So easy to make and so delicious. The whole family loved them
I’m so happy to read this, Kita!
I love these! I usually make them with store-bought caramels, but I currently have home-made caramel sauce. Do you think it will work if I use that?
Hi Loris – It’d most likely be too runny, especially after baking the pies.
I am looking forward to making these tomorrow. If I had spare homemade caramel sauce, I would probably just omit the caramel in the pies and serve them topped with the homemade sauce. Yum.
YUM! I hope you enjoy the recipe, Jennifer!
The flaky-ness and the layering of the pastry is fantastic in this recipe! So surprised! I also made half-moon pies instead of 2 full circles on top of each other, using a 4 inch circle. A double recipe made 33 half moons. I also used Werther’s original chewy caramels, and it did so well. I made them the night before, cooled them completely, and stored in an airtight container. They warm up in the microwave well, too! Caramel did not get too hard either.
I made a double recipe. I had a ton of apple mixture left over though, so I think I might make a pie with it. Thanks for the recipe!
You are so welcome, AC Jones! I’m thrilled you enjoyed the recipe!
Hi! I’ve made these and absolutely love them. Now I just ran into your muffin tin mini apple pies and want to try that presentation! Can I use this recipe but bake them in the muffin tins?
Absolutely, Loris! I’m not certain what the yield would be on the crust in terms of mini pies (it depends what you do with the lattice on top), but this recipe will definitely work in muffin tins. Enjoy!
Amazing I love it so much.
I’m so glad you enjoyed the recipe, Charlotte!

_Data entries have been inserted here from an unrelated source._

text \<open>A linear functional bounded above on a neighbourhood U of 0 is bounded in absolute
  value on the symmetric neighbourhood U \<inter> -U, hence continuous.\<close>
lemma continuous_map_linear_bounded_above:
  assumes U: "openin T U" "0 \<in> U" and \<phi>: "linear \<phi>" and bounded: "\<And>u. u \<in> U \<Longrightarrow> \<phi> u < 1"
  shows "continuous_map T euclideanreal \<phi>"
  unfolding continuous_map_def
proof (intro conjI allI impI)
  fix S :: "real set" assume "openin euclideanreal S"
  show "openin T {x \<in> topspace T. \<phi> x \<in> S}"
  proof (subst openin_subopen, intro ballI)
    fix x assume "x \<in> {x \<in> topspace T. \<phi> x \<in> S}"
    then obtain e where e: "e > 0" "ball (\<phi> x) e \<subseteq> S"
      using \<open>openin euclideanreal S\<close> open_contains_ball by force
    define V where "V = {y \<in> topspace T. (2 / e) *\<^sub>R (y + - x) \<in> U}
      \<inter> {y \<in> topspace T. (- (2 / e)) *\<^sub>R (y + - x) \<in> U}"
    have "openin T V" unfolding V_def
      by (intro openin_Int openin_continuous_map_preimage[OF continuous_map_tvs_affine U(1)])
    moreover have "x \<in> V" using U(2) by (simp add: V_def topspace_lc_hausdorff_tvs)
    moreover have "V \<subseteq> {x \<in> topspace T. \<phi> x \<in> S}"
    proof
      fix y assume "y \<in> V"
      moreover have "\<phi> (c *\<^sub>R (y + - x)) = c * (\<phi> y - \<phi> x)" for c
        using linear_scale[OF \<phi>] linear_diff[OF \<phi>] by simp
      ultimately have "(2 / e) * (\<phi> y - \<phi> x) < 1" "(- (2 / e)) * (\<phi> y - \<phi> x) < 1"
        using bounded unfolding V_def by (metis (no_types, lifting) Int_iff mem_Collect_eq)+
      then have "\<phi> y \<in> ball (\<phi> x) e"
        using e(1) by (auto simp: field_simps abs_less_iff dist_real_def)
      then show "y \<in> {x \<in> topspace T. \<phi> x \<in> S}" using e(2) topspace_lc_hausdorff_tvs by auto
    qed
    ultimately show "\<exists>V. openin T V \<and> x \<in> V \<and> V \<subseteq> {x \<in> topspace T. \<phi> x \<in> S}" by blast
  qed
qed simp

theorem open_convex_separation:
  assumes A: "openin T A" "convex A" "c \<in> A" and p: "p \<notin> A"
  obtains \<phi> where "linear \<phi>" "continuous_map T euclideanreal \<phi>" "\<And>a. a \<in> A \<Longrightarrow> \<phi> p < \<phi> a"
proof -
  define U where "U = (\<lambda>x. x - c) ` A"
  have U_iff: "x \<in> U \<longleftrightarrow> x + c \<in> A" for x
    unfolding U_def by (auto intro: image_eqI[of _ _ "x + c"])
  then have "U = {x. x + c \<in> A}" by blast
  then have "openin T U"
    using openin_continuous_map_preimage[OF continuous_map_tvs_affine[of 1 c] A(1)]
    by (simp add: topspace_lc_hausdorff_tvs)
  moreover have "absorbing_convex U"
  proof
    show "convex U" unfolding U_def by (intro convex_translation_subtract A(2))
    show "0 \<in> U" using A(3) by (simp add: U_iff)
    fix x
    obtain e where e: "e > 0" "\<And>r. \<bar>r\<bar> < e \<Longrightarrow> r *\<^sub>R x + c \<in> A"
      using openin_tvs_line[OF A(1), of 0] A(3) by auto
    then show "\<exists>t>0. (1 / t) *\<^sub>R x \<in> U" by (intro exI[of _ "2 / e"]) (simp add: U_iff)
  qed
  ultimately interpret absorbing_convex U
    by simp
  interpret sublinear "minkowski_functional U"
    by (rule sublinear_minkowski_functional)
  obtain \<psi> where \<psi>: "linear \<psi>" "\<And>x. \<psi> x \<le> minkowski_functional U x"
    "\<psi> (p - c) = minkowski_functional U (p - c)"
    using Hahn_Banach by blast
  have less_one: "\<psi> u < 1" if u: "u \<in> U" for u
  proof -
    obtain e where e: "e > 0" "\<And>r. \<bar>r - 1\<bar> < e \<Longrightarrow> r *\<^sub>R u + c \<in> A"
      using openin_tvs_line[OF A(1), of 1 u c] u by (auto simp: U_iff)
    then have "(1 + e / 2) *\<^sub>R u \<in> U" by (simp add: U_iff)
    then have "minkowski_functional U u < 1"
      using e(1) by (intro minkowski_functional_less_one[of "e / 2"]) auto
    then show ?thesis using \<psi>(2)[of u] by simp
  qed
  have "1 \<le> \<psi> (p - c)"
    using one_le_minkowski_functional[of "p - c"] p \<psi>(3) by (simp add: U_iff)
  then have "\<psi> a < \<psi> p" if "a \<in> A" for a
    using less_one[of "a - c"] that linear_diff[OF \<psi>(1)] by (simp add: U_iff)
  moreover have "continuous_map T euclideanreal \<psi>"
    using continuous_map_linear_bounded_above[OF \<open>openin T U\<close> zero_mem \<psi>(1) less_one] .
  ultimately show ?thesis
    using \<psi>(1) by (intro that[of "\<lambda>x. - \<psi> x"]) (auto simp: linear_compose_neg continuous_map_minus)
qed

end

section \<open>The alternative\<close>

lemma quasi_convex_strict_sublevel:
  fixes \<psi> :: "'b::real_vector \<Rightarrow> real"
  assumes "quasi_convex \<psi>"
  shows "convex {y. \<psi> y < s}"
proof (rule convexI)
  fix y z :: 'b and u v :: real
  assume yz: "y \<in> {y. \<psi> y < s}" "z \<in> {y. \<psi> y < s}" and "0 \<le> u" "0 \<le> v" "u + v = 1"
  moreover have "convex (\<psi> -` {..max (\<psi> y) (\<psi> z)})"
    using assms unfolding quasi_convex_def by blast
  ultimately have "\<psi> (u *\<^sub>R y + v *\<^sub>R z) \<le> max (\<psi> y) (\<psi> z)"
    by (auto dest: convexD[of _ y z u v])
  with yz show "u *\<^sub>R y + v *\<^sub>R z \<in> {y. \<psi> y < s}" by simp
qed

lemma continuous_on_compose_continuous_map:
  assumes "continuous_map (subtopology euclidean \<Omega>) T f" "continuous_map T euclideanreal \<psi>"
  shows "continuous_on \<Omega> (\<lambda>x. \<psi> (f x))"
  using continuous_map_compose[OF assms] by (simp add: o_def)

lemma Limsup_at_within_le_SUP:
  fixes f :: "'a::topological_space \<Rightarrow> 'b::complete_linorder"
  shows "Limsup (at x within S) f \<le> (SUP y\<in>S. f y)"
  by (rule Limsup_bounded) (auto simp: eventually_at_topological intro: SUP_upper)

lemma frontier_neighbourhood_uniform_bound:
  fixes h :: "'a::topological_space \<Rightarrow> real"
  assumes "open \<Omega>" "compact (frontier \<Omega>)" "frontier \<Omega> \<noteq> {}"
    and limsup: "\<And>z. z \<in> frontier \<Omega> \<Longrightarrow> Limsup (at z within \<Omega>) (\<lambda>x. ereal (h x)) < S"
  obtains r N where "ereal r < S" "open N" "frontier \<Omega> \<subseteq> N" "\<And>x. x \<in> N \<Longrightarrow> x \<in> \<Omega> \<Longrightarrow> h x < r"
proof -
  define N where "N r = \<Union>{V. open V \<and> (\<forall>x\<in>V \<inter> \<Omega>. h x < r)}" for r
  have N_open: "open (N r)" for r unfolding N_def by auto
  have N_bound: "x \<in> N r \<Longrightarrow> x \<in> \<Omega> \<Longrightarrow> h x < r" for x r unfolding N_def by auto
  have N_mono: "r \<le> r' \<Longrightarrow> N r \<subseteq> N r'" for r r' unfolding N_def by (intro Union_mono) force
  have cover: "frontier \<Omega> \<subseteq> (\<Union>r\<in>{r. ereal r < S}. N r)"
  proof
    fix z assume z: "z \<in> frontier \<Omega>"
    obtain r where r: "Limsup (at z within \<Omega>) (\<lambda>x. ereal (h x)) < ereal r" "ereal r < S"
      using ereal_dense2[OF limsup[OF z]] by blast
    obtain V where V: "open V" "z \<in> V" "\<And>x. x \<in> V \<Longrightarrow> x \<in> \<Omega> \<Longrightarrow> x \<noteq> z \<Longrightarrow> h x < r"
      using Limsup_lessD[OF r(1)] unfolding eventually_at_topological by auto
    have "z \<notin> \<Omega>" using z \<open>open \<Omega>\<close> by (simp add: frontier_def interior_open)
    with V have "\<forall>x\<in>V \<inter> \<Omega>. h x < r" by auto
    with V(1,2) have "z \<in> N r" unfolding N_def by blast
    with r(2) show "z \<in> (\<Union>r\<in>{r. ereal r < S}. N r)" by blast
  qed
  obtain R where R: "R \<subseteq> {r. ereal r < S}" "finite R" "frontier \<Omega> \<subseteq> (\<Union>r\<in>R. N r)"
    by (rule compactE_image[OF assms(2) N_open cover])
  with assms(3) have "R \<noteq> {}" by auto
  show ?thesis
  proof (rule that[of "Max R" "N (Max R)"])
    show "ereal (Max R) < S" using Max_in[OF R(2) \<open>R \<noteq> {}\<close>] R(1) by blast
    have "N r \<subseteq> N (Max R)" if "r \<in> R" for r using N_mono Max_ge[OF R(2) that] by simp
    then show "frontier \<Omega> \<subseteq> N (Max R)" using R(3) by blast
  qed (simp_all add: N_open N_bound)
qed

lemma compactly_contained_superlevel_set:
  fixes h :: "'a::topological_space \<Rightarrow> real"
  assumes \<Omega>: "open \<Omega>" "compact (closure \<Omega>)" "frontier \<Omega> \<noteq> {}" and h: "continuous_on \<Omega> h"
    and limsup: "\<And>z. z \<in> frontier \<Omega> \<Longrightarrow>
      Limsup (at z within \<Omega>) (\<lambda>x. ereal (h x)) < (SUP x\<in>\<Omega>. ereal (h x))"
  obtains X x0 where "open X" "closure X \<subseteq> \<Omega>" "compact (closure X)" "x0 \<in> X" "\<Omega> - X \<noteq> {}"
    "\<And>x. x \<in> \<Omega> - X \<Longrightarrow> h x < h x0"
proof -
  have frontier_closure: "frontier \<Omega> \<subseteq> closure \<Omega>" by (auto simp: frontier_def)
  then have "compact (frontier \<Omega>)"
    using compact_Int_closed[OF \<Omega>(2) frontier_closed] by (metis inf.absorb2)
  then obtain r N where r: "ereal r < (SUP x\<in>\<Omega>. ereal (h x))" and N: "open N" "frontier \<Omega> \<subseteq> N"
    and below: "\<And>x. x \<in> N \<Longrightarrow> x \<in> \<Omega> \<Longrightarrow> h x < r"
    using frontier_neighbourhood_uniform_bound[OF \<Omega>(1) _ \<Omega>(3) limsup] by metis
  obtain r' where r': "r < r'" "ereal r' < (SUP x\<in>\<Omega>. ereal (h x))"
    using ereal_dense2[OF r] by auto
  then obtain x0 where x0: "x0 \<in> \<Omega>" "r' < h x0"
    by (auto simp: less_SUP_iff)
  define X where "X = {x \<in> \<Omega>. r' < h x}"
  have "open X"
    using continuous_open_preimage[OF h \<Omega>(1) open_greaterThan[of r']] by (simp add: X_def Int_def vimage_def conj_commute)
  moreover have "N \<inter> X = {}" using below r'(1) by (force simp: X_def)
  then have "closure X \<subseteq> \<Omega>"
    using N closure_mono[of X \<Omega>] closure_Un_frontier[of \<Omega>] open_Int_closure_eq_empty[OF N(1), of X]
    by (auto simp: X_def)
  moreover obtain y where "y \<in> N \<inter> \<Omega>"
    using \<Omega>(3) N(2) frontier_closure open_Int_closure_eq_empty[OF N(1), of \<Omega>] by blast
  then have "y \<in> \<Omega> - X" using below[of y] r'(1) by (auto simp: X_def)
  moreover have "compact (closure X)"
    using compact_Int_closed[OF \<Omega>(2) closed_closure] closure_mono[of X \<Omega>]
    by (metis X_def inf.absorb2 mem_Collect_eq subsetI)
  ultimately show ?thesis
    using x0 that[of X x0] by (fastforce simp: X_def)
qed

lemma penalized_minimum_in_open_subset:
  fixes k m :: "'a::topological_space \<Rightarrow> real"
  assumes K: "compact K" and X: "open X" "X \<subseteq> K" "x0 \<in> X"
    and k: "continuous_on K k" and m: "continuous_on K m"
    and gap: "\<And>x. x \<in> K - X \<Longrightarrow> m x0 < m x"
  obtains l0 where "l0 \<ge> 0" "\<And>l. l > l0 \<Longrightarrow> \<exists>xm\<in>X. \<forall>x\<in>K. k xm + l * m xm \<le> k x + l * m x"
proof -
  have "compact (K - X)" using K X(1) by (simp add: Diff_eq compact_Int_closed closed_Compl)
  obtain \<delta> where \<delta>: "\<delta> > 0" "\<And>x. x \<in> K - X \<Longrightarrow> m x0 + \<delta> \<le> m x"
  proof (cases "K - X = {}")
    case False
    then obtain b where b: "b \<in> K - X" "\<And>x. x \<in> K - X \<Longrightarrow> m b \<le> m x"
      using continuous_attains_inf[OF \<open>compact (K - X)\<close> _ continuous_on_subset[OF m]] by blast
    then show ?thesis using that[of "m b - m x0"] gap[OF b(1)] by force
  qed (rule that[of 1], auto)
  have "K \<noteq> {}" using X by auto
  obtain kmin kmax where kmin: "\<And>x. x \<in> K \<Longrightarrow> kmin \<le> k x" and kmax: "\<And>x. x \<in> K \<Longrightarrow> k x \<le> kmax"
    using continuous_attains_inf[OF K \<open>K \<noteq> {}\<close> k] continuous_attains_sup[OF K \<open>K \<noteq> {}\<close> k] by metis
  show ?thesis
  proof (rule that[of "max 0 ((kmax - kmin) / \<delta>)"])
    fix l assume l: "max 0 ((kmax - kmin) / \<delta>) < l"
    then have "l > 0" "kmax - kmin < l * \<delta>" using \<delta>(1) by (auto simp: pos_divide_less_eq)
    have "continuous_on K (\<lambda>x. k x + l * m x)" by (intro continuous_intros k m)
    then obtain xm where xm: "xm \<in> K" "\<And>x. x \<in> K \<Longrightarrow> k xm + l * m xm \<le> k x + l * m x"
      using continuous_attains_inf[OF K \<open>K \<noteq> {}\<close>] by blast
    have "xm \<in> X"
    proof (rule ccontr)
      assume "xm \<notin> X"
      then have "l * m x0 + l * \<delta> \<le> l * m xm"
        using \<delta>(2) xm(1) \<open>l > 0\<close> by (simp flip: distrib_left)
      moreover have "kmin \<le> k xm" "k x0 \<le> kmax" using kmin[OF xm(1)] kmax X by auto
      moreover have "k xm + l * m xm \<le> k x0 + l * m x0" using xm(2) X by auto
      ultimately show False using \<open>kmax - kmin < l * \<delta>\<close> by linarith
    qed
    with xm show "\<exists>xm\<in>X. \<forall>x\<in>K. k xm + l * m xm \<le> k x + l * m x" by blast
  qed simp
qed

lemma supported_at_image_argmin:
  assumes "linear \<phi>" "continuous_map T euclideanreal \<phi>" "\<phi> \<noteq> (\<lambda>_. 0)"
    and "xm \<in> X" "\<And>x. x \<in> X \<Longrightarrow> \<phi> (F xm) \<le> \<phi> (F x)"
  shows "supported_at T (F ` X) (F xm)"
  using assms unfolding supported_at_def by blast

I love the dough its different from reg pie crust dough. Overall easy to make
I’m so glad you enjoyed the recipe, Kathy!
I loved making them for my family.
I’m so happy to read this, Charlotte!
Can you make these ahead (unbaked)before and bake before serving? Or bake ahead and reward? I’d like to make for thanksgiving and serve warm.
Absolutely! You can make them in the morning then bake right before serving. I worry if you make them and fully assemble them any sooner, the apple filling may start to release liquid and the crust will get soggy.
Very delicious fall dessert very easy to make.
I’m so glad you enjoyed the recipe!
wish there was a print option
Hi Angela – There is a purple print button on the recipe card above. :)
My favorite Apple pie recipe. I always make it. The caramel adds a great taste
So glad you are enjoying it, Sofie!
This recipe is AMAZING! I made them as a Saturday afternoon challenge a few weeks ago and they were an instant hit. I am getting ready to make them again for Thanksgiving. Thank you for sharing such a great and easy to share treat!
You are so welcome, Julia! I’m thrilled you enjoyed the recipe!
Can the dough be made by pulsing in the food processor?
Hi Becky – I haven’t tried that, but I’m concerned it might be a bit wet because of the sour cream. You could also pulse it up through adding the butter and then stir in the sour cream by hand.
Have you ever tried freezing this dough? I’ve made the hand pies a few times (SO good!) and have used the dough for pull size pies. Always a winner among guests. With Thanksgiving coming I’ll, I’d love to make the dough a week ahead and freeze.
Hi Sydney! The dough should freeze well as long as you seal it securely with several layers of plastic wrap. I’m so thrilled you’ve been enjoying the recipe!